Index(['allele', 'gene_family', 'whitelisted_taxa', 'product_name', 'scope',
       'type', 'subtype', 'class', 'subclass', 'refseq_protein_accession',
       'refseq_nucleotide_accession', 'curated_refseq_start',
       'genbank_protein_accession', 'genbank_nucleotide_accession',
       'genbank_strand', 'genbank_start', 'genbank_stop', 'refseq_strand',
       'refseq_start', 'refseq_stop', 'pubmed_reference', 'blacklisted_taxa',
       'synonyms', 'hierarchy_node', 'db_version'],
      dtype='object')

## Fetch data from NCBI database 

The read dataframe contains keys to access the protein, nucleotide either via Reference Sequence (RefSeq) database or genbank. Lets load the first two columns of the dataframe and read some values. First try is to get the data from the RefSeq-database.  

In [161]:
import time
from bioservices import EUtils
import pandas as pd


_s = EUtils(email="finn.heydemann@th-koeln.de")

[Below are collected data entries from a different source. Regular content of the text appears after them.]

(* Assume (A1), (A2), (A3), (A4). Then the multi-cluster game in which each cluster $h$ solves $\min_{\mathbf x^h\in\mathbb R^{q_h}}F^h(\mathbf x^h,\mathbf x^{-h})$, $F^h=\sum_{i=1}^{n_h}f_i^h$, has a unique Nash equilibrium $\mathbf x^*\in\mathbb R^q$, i.e. a unique point with $F^h((\mathbf x^h)^*,(\mathbf x^{-h})^* )\le F^h(\mathbf x^h,(\mathbf x^{-h})^* )$ for all $\mathbf x^h\in\mathbb R^{q_h}$ and all $h$; it satisfies $\sum_{i=1}^{n_h}\nabla_{\mathbf x^h}f_i^h(\mathbf x^* )=\mathbf 0$ for all $h$. Moreover, there exists a step-size $\alpha>0$ such that for every initial $\mathbf x(0)$ the iterates of the algorithm with initialization $\mathbf y^h(0)=\mathbf G^h(0)$ satisfy $\lim_{k\to\infty}\mathbf x_i(k)=\mathbf x^*$ for all agents $i=1,\dots,n$ (so all agents reach consensus on $\mathbf x^*$), and the convergence is linear (geometric): there exist $C>0$ and $\rho\in(0,1)$ with $\|\mathbf x_i(k)-\mathbf x^*\|_2\le C\rho^k$ for all $i$ and $k$.
   Context: Setting: $n$ agents partitioned into $H$ disjoint clusters, cluster $h$ containing $n_h$ agents, ordered so that cluster 1 comes first, then cluster 2, etc. Decision vector $\mathbf x=(\mathbf x^1,\dots,\mathbf x^H)\in\mathbb R^q$, $\mathbf x^h\in\mathbb R^{q_h}$, $q=\sum_hq_h$; $\mathbf x^{-h}$ denotes the components other than $\mathbf x^h$. The $i$-th agent of cluster $h$ has cost $f_i^h:\mathbb R^q\to\mathbb R$. (A1): for each $h$, $\mathbf C^h\in\mathbb R^{n_h\times n_h}$ is nonnegative, column-stochastic ($\mathbf 1^T\mathbf C^h=\mathbf 1^T$), with positive diagonal, and its directed graph (edge $j\to i$ iff $\mathbf C^h_{ij}>0$) is strongly connected. (A2): $\mathbf R\in\mathbb R^{n\times n}$ is nonnegative, row-stochastic ($\mathbf R\mathbf 1=\mathbf 1$), with positive diagonal and strongly connected directed graph. (A3): each $f_i^h$ is convex and continuously differentiable, and there is $L>0$ with $\|\nabla_{\mathbf x^h}f_i^h(\mathbf x)-\nabla_{\mathbf x^h}f_i^h(\tilde{\mathbf x})\|_2\le L\|\mathbf x-\tilde{\mathbf x}\|_2$ for all $\mathbf x,\tilde{\mathbf x}$ and all $i,h$. (A4): the game mapping $\mathbf M(\mathbf x)=(\mathbf g^1(\mathbf x),\dots,\mathbf g^H(\mathbf x))$, $\mathbf g^h(\mathbf x)=\sum_{i=1}^{n_h}\nabla_{\mathbf x^h}f_i^h(\mathbf x)$, is strongly monotone on $\mathbb R^q$ with constant $\mu>0$: $(\mathbf M(\mathbf x)-\mathbf M(\mathbf y))^T(\mathbf x-\mathbf y)\ge\mu\|\mathbf x-\mathbf y\|_2^2$. Algorithm (constant step-size $\alpha>0$): $\mathbf x(k)\in\mathbb R^{n\times q}$ has $i$-th row $\mathbf x_i(k)^T$ (agent $i$'s estimate of the whole decision vector); $\mathbf y^h(k)\in\mathbb R^{n_h\times q_h}$ (tracking variables of cluster $h$); $\mathbf Y(k)=\operatorname{diag}\{\mathbf y^1(k),\dots,\mathbf y^H(k)\}\in\mathbb R^{n\times q}$ (block diagonal); $\mathbf G^h(k)\in\mathbb R^{n_h\times q_h}$ has $i$-th row $\nabla_{\mathbf x^h}f_i^h(\mathbf x_i(k))^T$ ($\mathbf x_i(k)$ the estimate of the $i$-th agent of cluster $h$). Updates $\mathbf x(k+1)=\mathbf R(\mathbf x(k)-\alpha\mathbf Y(k))$, $\mathbf y^h(k+1)=\mathbf C^h\mathbf y^h(k)+\mathbf G^h(k+1)-\mathbf G^h(k)$, $k\ge0$. *)

theory Defs
  imports "HOL-Analysis.Analysis"
begin

text \<open>Agents form a finite type 'a, clusters a finite type 'h, and the
coordinates of the decision vector x in R^q a finite type 'q.
cl a is the cluster of agent a, blk j is the cluster owning coordinate j
(so x^h = coordinates j with blk j = h). Vectors in R^(q_h) are represented as
vectors in R^q that vanish outside the block h.\<close>

text \<open>Partial gradient (nabla_{x^h} f) of agent a, h = cl a, embedded in R^q
(zero outside block h); grad a x is the full gradient of f a at x.\<close>
definition pgrad :: "('q \<Rightarrow> 'h) \<Rightarrow> ('a \<Rightarrow> 'h) \<Rightarrow> ('a \<Rightarrow> real^'q \<Rightarrow> real^'q)
                     \<Rightarrow> 'a \<Rightarrow> real^'q \<Rightarrow> real^'q" where
  "pgrad blk cl grad a x = (\<chi> j. if blk j = cl a then grad a x $ j else 0)"

definition game_map :: "('q \<Rightarrow> 'h) \<Rightarrow> ('a::finite \<Rightarrow> 'h) \<Rightarrow> ('a \<Rightarrow> real^'q \<Rightarrow> real^'q)
                        \<Rightarrow> real^'q \<Rightarrow> real^'q" where
  "game_map blk cl grad x = (\<chi> j. \<Sum>a\<in>{a. cl a = blk j}. grad a x $ j)"

definition cluster_cost :: "('a::finite \<Rightarrow> 'h) \<Rightarrow> ('a \<Rightarrow> real^'q \<Rightarrow> real) \<Rightarrow> 'h \<Rightarrow> real^'q \<Rightarrow> real" where
  "cluster_cost cl f h x = (\<Sum>a\<in>{a. cl a = h}. f a x)"

definition upd_block :: "('q \<Rightarrow> 'h) \<Rightarrow> 'h \<Rightarrow> real^'q \<Rightarrow> real^'q \<Rightarrow> real^'q" where
  "upd_block blk h x z = (\<chi> j. if blk j = h then z $ j else x $ j)"

definition is_NE :: "('q \<Rightarrow> 'h) \<Rightarrow> ('a::finite \<Rightarrow> 'h) \<Rightarrow> ('a \<Rightarrow> real^'q \<Rightarrow> real) \<Rightarrow> real^'q \<Rightarrow> bool" where
  "is_NE blk cl f xs \<longleftrightarrow>
     (\<forall>h z. cluster_cost cl f h xs \<le> cluster_cost cl f h (upd_block blk h xs z))"

definition strongly_connected_on :: "'n set \<Rightarrow> real^'n^'n \<Rightarrow> bool" where
  "strongly_connected_on S A \<longleftrightarrow>
     (\<forall>u\<in>S. \<forall>v\<in>S. (u, v) \<in> {(j, i). A $ i $ j > 0}\<^sup>*)"

definition A1 :: "('a::finite \<Rightarrow> 'h) \<Rightarrow> real^'a^'a \<Rightarrow> bool" where
  "A1 cl C \<longleftrightarrow>
     (\<forall>i j. cl i \<noteq> cl j \<longrightarrow> C $ i $ j = 0) \<and>
     (\<forall>i j. C $ i $ j \<ge> 0) \<and>
     (\<forall>j. (\<Sum>i\<in>{i. cl i = cl j}. C $ i $ j) = 1) \<and>
     (\<forall>i. C $ i $ i > 0) \<and>
     (\<forall>h. strongly_connected_on {a. cl a = h} C)"

definition A2 :: "real^'a::finite^'a \<Rightarrow> bool" where
  "A2 R \<longleftrightarrow>
     (\<forall>i j. R $ i $ j \<ge> 0) \<and> (\<forall>i. (\<Sum>j\<in>UNIV. R $ i $ j) = 1) \<and>
     (\<forall>i. R $ i $ i > 0) \<and> strongly_connected_on UNIV R"

text \<open>Iterates (x(k), y(k)): x(k) a is the estimate of agent a (row a of x(k));
y(k) a is row a of Y(k) = diag{y^1(k),...,y^H(k)}, i.e. the tracking vector of a
embedded in R^q with zeros outside block cl a.\<close>
fun iter :: "('q \<Rightarrow> 'h) \<Rightarrow> ('a::finite \<Rightarrow> 'h) \<Rightarrow> ('a \<Rightarrow> real^'q \<Rightarrow> real^'q)
             \<Rightarrow> real^'a^'a \<Rightarrow> real^'a^'a \<Rightarrow> real \<Rightarrow> ('a \<Rightarrow> real^'q) \<Rightarrow> nat
             \<Rightarrow> ('a \<Rightarrow> real^'q) \<times> ('a \<Rightarrow> real^'q)" where
  "iter blk cl grad R C \<alpha> x0 0 = (x0, \<lambda>a. pgrad blk cl grad a (x0 a))"
| "iter blk cl grad R C \<alpha> x0 (Suc k) =
     (let x = fst (iter blk cl grad R C \<alpha> x0 k);
          y = snd (iter blk cl grad R C \<alpha> x0 k);
          x' = (\<lambda>a. \<Sum>b\<in>UNIV. R $ a $ b *\<^sub>R (x b - \<alpha> *\<^sub>R y b))
      in (x', \<lambda>a. (\<Sum>b\<in>UNIV. C $ a $ b *\<^sub>R y b)
                   + pgrad blk cl grad a (x' a) - pgrad blk cl grad a (x a)))"

end

theory Submission
  imports Defs
begin

(* The stationary point of the game is unique and is the Nash equilibrium because
   the game map M is strongly monotone and Lipschitz (x - gamma M x is a contraction) and each
   cluster cost is convex in its own block.  For the algorithm, write each iterate as consensus
   plus deviation.  Perron-Frobenius theory for the irreducible aperiodic matrices R and C^T
   (proved here via Doeblin's coefficient of ergodicity) gives norms in which R and C contract
   off their fixed subspaces.  Because C is column stochastic on each cluster, Y keeps tracking
   the cluster sums of the partial gradients; hence the u-weighted average of the estimates
   performs a gradient step on a positively rescaled game map, which contracts.  The consensus,
   optimality and tracking errors thus satisfy a coupled linear recursion, and a small-gain
   argument with a suitable weighting and a small step size makes it jointly contracting. *)

section \<open>Powers of block-stochastic kernels\<close>

text \<open>Square matrices over a finite index type are represented as kernels \<open>'a \<Rightarrow> 'a \<Rightarrow> real\<close>;
  \<open>kpow P k\<close> is the \<open>k\<close>-th matrix power.\<close>
fun kpow :: "('a::finite \<Rightarrow> 'a \<Rightarrow> real) \<Rightarrow> nat \<Rightarrow> 'a \<Rightarrow> 'a \<Rightarrow> real" where
  "kpow P 0 i j = of_bool (i = j)"
| "kpow P (Suc k) i j = (\<Sum>l\<in>UNIV. P i l * kpow P k l j)"

lemma kpow_add: "kpow P (m + k) i j = (\<Sum>l\<in>UNIV. kpow P m i l * kpow P k l j)"
proof (induction m arbitrary: i)
  case (Suc m)
  have "kpow P (Suc m + k) i j = (\<Sum>r\<in>UNIV. \<Sum>l\<in>UNIV. P i r * kpow P m r l * kpow P k l j)"
    by (simp add: Suc sum_distrib_left mult.assoc)
  also have "\<dots> = (\<Sum>l\<in>UNIV. (\<Sum>r\<in>UNIV. P i r * kpow P m r l) * kpow P k l j)"
    by (subst sum.swap) (simp add: sum_distrib_right)
  finally show ?case by simp
qed simp

lemma kpow_Suc_right: "kpow P (Suc k) i j = (\<Sum>l\<in>UNIV. kpow P k i l * P l j)"
  using kpow_add[of P k 1 i j] by simp

lemma kpow_transpose: "kpow (\<lambda>i j. P j i) k i j = kpow P k j i"
proof (induction k arbitrary: i)
  case (Suc k)
  have "kpow (\<lambda>i j. P j i) (Suc k) i j = (\<Sum>l\<in>UNIV. kpow P k j l * P l i)"
    using Suc by (simp add: mult.commute)
  then show ?case by (simp only: kpow_Suc_right)
qed auto

lemma kpow_diff_absorbing:
  assumes PQ: "\<And>i j. (\<Sum>l\<in>UNIV. P i l * Q l j) = Q i j"
    and QP: "\<And>i j. (\<Sum>l\<in>UNIV. Q i l * P l j) = Q i j"
    and QQ: "\<And>i j. (\<Sum>l\<in>UNIV. Q i l * Q l j) = Q i j"
  shows "kpow (\<lambda>i j. P i j - Q i j) (Suc k) i j = kpow P (Suc k) i j - Q i j"
proof (induction k arbitrary: i)
  case (Suc k)
  have QPk: "(\<Sum>l\<in>UNIV. Q i l * kpow P m l j) = Q i j" for i m
  proof (induction m arbitrary: j)
    case (Suc m)
    have "(\<Sum>l\<in>UNIV. Q i l * kpow P (Suc m) l j)
        = (\<Sum>r\<in>UNIV. (\<Sum>l\<in>UNIV. Q i l * kpow P m l r) * P r j)"
      unfolding kpow_Suc_right sum_distrib_left sum_distrib_right mult.assoc
      by (rule sum.swap)
    then show ?case by (simp add: Suc QP)
  qed simp
  have "kpow (\<lambda>i j. P i j - Q i j) (Suc (Suc k)) i j
      = (\<Sum>l\<in>UNIV. (P i l - Q i l) * (kpow P (Suc k) l j - Q l j))"
    by (simp only: kpow.simps(2)[of _ "Suc k"] Suc)
  also have "\<dots> = (\<Sum>l\<in>UNIV. P i l * kpow P (Suc k) l j) - (\<Sum>l\<in>UNIV. P i l * Q l j)
      - (\<Sum>l\<in>UNIV. Q i l * kpow P (Suc k) l j) + (\<Sum>l\<in>UNIV. Q i l * Q l j)"
    by (simp add: algebra_simps sum_subtractf sum.distrib)
  also have "\<dots> = kpow P (Suc (Suc k)) i j - Q i j"
    by (simp only: PQ QQ QPk kpow.simps(2)[of _ "Suc k"])
  finally show ?case .
qed simp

def _fetch_refseq_nucleotid(refseq_nucleotid_id: str) -> tuple[str, str, str]:
    """
    Based on a ncbi refseq nucleotid ID the encoded protein, gene and bacterial strain is returned 
    """
    data = _s.EFetch("nucleotide", refseq_nucleotid_id, retmode="dict", rettype="summary")["GBSet"]["GBSeq"]
    time.sleep(1)  # wait to ensure to not be blocked
    gene, protein = data["GBSeq_definition"].split("gene for")
    protein = protein.replace(", complete CDS", "")
    strain = data["GBSeq_organism"]
    return protein.strip(), gene.strip(), strain.strip()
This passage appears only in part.